89. Je me souviens que les Français utilisaient le terme “pop music” alors que nous, en Belgique, on disait “rock” et rien d’autre.

90. Je me souviens que les trois premiers albums solo de Peter Gabriel s’intitulaient “Peter Gabriel”.

91. Je me souviens du kraut-rock (rock choucroute), le rock progressif allemand des années 1972-1974. Le terme poli était “Head mosick” ou un truc dans le genre.

92. Je me souviens de Amon Düül II, de Ash Ra Temple, de Walter Wegmuller, de Guru Guru, de Wallenstein, des débuts de Kraftwerk (fan - fan - fan / on the autobahn).

93. Je me souviens d’avoir vu le dos de Klaus Schulze pendant tout un concert. Il était assis en tailleur, bidouillant ses synthés dont les petites lumières vertes clignotaient, de l’encens brûlait et la moitié du public ronflait.

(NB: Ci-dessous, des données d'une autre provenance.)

(* A preference cycle s_0 c_0 s_1 c_1 ... s_k c_k s_0 is given by the lists
   ss = [s_0,...,s_k] and cs = [c_0,...,c_k] (n = k+1 = length ss = length cs).
   Predecessor of s_i is c_{i-1 mod n}, successor is c_i;
   predecessor of c_i is s_i, successor is s_{i+1 mod n}. *)
definition pref_cycle ::
  "'s set \<Rightarrow> 'c set \<Rightarrow> ('s \<Rightarrow> 'c option \<Rightarrow> 'c option \<Rightarrow> bool)
   \<Rightarrow> ('c \<Rightarrow> 's option \<Rightarrow> 's option \<Rightarrow> bool) \<Rightarrow> 's list \<Rightarrow> 'c list \<Rightarrow> bool" where
  "pref_cycle S C ps pc ss cs \<longleftrightarrow>
     ss \<noteq> [] \<and> length cs = length ss \<and> distinct ss \<and> distinct cs \<and>
     set ss \<subseteq> S \<and> set cs \<subseteq> C \<and>
     (\<forall>i<length ss. ps (ss ! i) (Some (cs ! i))
                       (Some (cs ! ((i + length ss - 1) mod length ss)))) \<and>
     (\<forall>i<length ss. pc (cs ! i) (Some (ss ! ((i + 1) mod length ss))) (Some (ss ! i)))"

definition S_dominated :: "('s \<Rightarrow> 'c option) \<Rightarrow> 's list \<Rightarrow> 'c list \<Rightarrow> bool" where
  "S_dominated mu ss cs \<longleftrightarrow>
     (\<forall>i<length ss. mu (ss ! i) = Some (cs ! ((i + length ss - 1) mod length ss)))"

definition S_dominating :: "('s \<Rightarrow> 'c option) \<Rightarrow> 's list \<Rightarrow> 'c list \<Rightarrow> bool" where
  "S_dominating mu ss cs \<longleftrightarrow> (\<forall>i<length ss. mu (ss ! i) = Some (cs ! i))"

end

theory Submission
  imports Defs
begin

text \<open>Call a student improving if she prefers her partner under \<mu>' to her partner under \<mu>.
  Stability of \<mu> forces the new college c of an improving student to be full under \<mu> and to
  prefer all its old students to her; stability of \<mu>' then forces every student leaving c to be
  improving too. Counting seats at c, the improving newcomers at c are no more numerous than the
  leavers, so injections chosen college by college assemble into a permutation f of the finite set
  of improving students with \<mu> (f x) = \<mu>' x. The f-orbit of s is a closed walk; cutting it
  short at repeated colleges yields the preference cycle, and surjectivity of f shows that every
  college on it is full under \<mu>' as well.\<close>

lemma strict_total_on_irrefl: "strict_total_on A R \<Longrightarrow> x \<in> A \<Longrightarrow> \<not> R x x"
  unfolding strict_total_on_def by blast

lemma strict_total_on_asym:
  "strict_total_on A R \<Longrightarrow> x \<in> A \<Longrightarrow> y \<in> A \<Longrightarrow> R x y \<Longrightarrow> \<not> R y x"
  unfolding strict_total_on_def by blast

lemma strict_total_on_total:
  "strict_total_on A R \<Longrightarrow> x \<in> A \<Longrightarrow> y \<in> A \<Longrightarrow> x \<noteq> y \<Longrightarrow> R x y \<or> R y x"
  unfolding strict_total_on_def by blast

lemma card_Diff_le_card_Diff_iff:
  assumes "finite A" "finite B"
  shows "card (A - B) \<le> card (B - A) \<longleftrightarrow> card A \<le> card B"
proof -
  have "card (A \<inter> B) \<le> card A" "card (A \<inter> B) \<le> card B"
    using assms by (auto intro: card_mono)
  moreover have "card (A - B) = card A - card (A \<inter> B)" "card (B - A) = card B - card (A \<inter> B)"
    using assms by (auto simp: card_Diff_subset_Int Int_commute)
  ultimately show ?thesis by linarith
qed

lemma bij_betw_funpow_cycle:
  assumes "finite A" "bij_betw f A A" "x \<in> A"
  obtains n where "n > 0" "(f ^^ n) x = x"
proof -
  have bij: "bij_betw (f ^^ n) A A" for n
    using bij_betw_funpow[OF assms(2)] .
  have "\<not> inj_on (\<lambda>k. (f ^^ k) x) {0..card A}"
  proof
    assume "inj_on (\<lambda>k. (f ^^ k) x) {0..card A}"
    then have "card {0..card A} \<le> card A"
      using assms(1,3) bij by (intro card_inj_on_le) (auto simp: bij_betw_def)
    then show False by simp
  qed
  then obtain i j where ij: "i < j" "(f ^^ i) x = (f ^^ j) x"
    unfolding inj_on_def by (metis linorder_neqE_nat)
  have "(f ^^ i) ((f ^^ (j - i)) x) = (f ^^ i) x"
    using ij by (metis comp_apply funpow_add le_add_diff_inverse less_imp_le)
  then have "(f ^^ (j - i)) x = x"
    using bij[of i] bij[of "j - i"] assms(3) by (auto simp: bij_betw_def dest: inj_onD)
  then show thesis using ij(1) by (intro that[of "j - i"]) auto
qed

94. Je me souviens que je peux imiter la voix qui annonce les instruments sur “Tubular Bells” : “grand piano ! glockenspiel ! bass guitar ! double speed guitar ! two slightly distorted guitars ! mandolin ! spanish guitar and introducing acoustic guitar ! ” et comme ça jusqu’à “tubular bells” !

95. Je me souviens du logo sur les disques Virgin, avec les vierges siamoises et le dragon rouge.

96. Je me souviens que le thème de “Tubular Bells” était devenu le générique du film “L’exorciste”.

97. Je me souviens de groupes australiens atroces comme Cold Chisel ou Sherbet.

98. Je me souviens d’avoir fumé des pétards en écoutant “Phaedra” de Tangerine Dream.

99. Je me souviens que Bryan Ferry est un mauvais coup. C’est Jerry Hall qui le racontait en interview. Et une copine groupie qui me l’a confirmé.

100. Je me souviens d’avoir vu les Sex Pistols en août 1976 au 100 Club sur Oxford Street à Londres. Le même jour j’avais acheté l’album “461 Ocean Boulevard” d’Eric Clapton, dont je n’ai ôté le cellophane que cinq ans plus tard.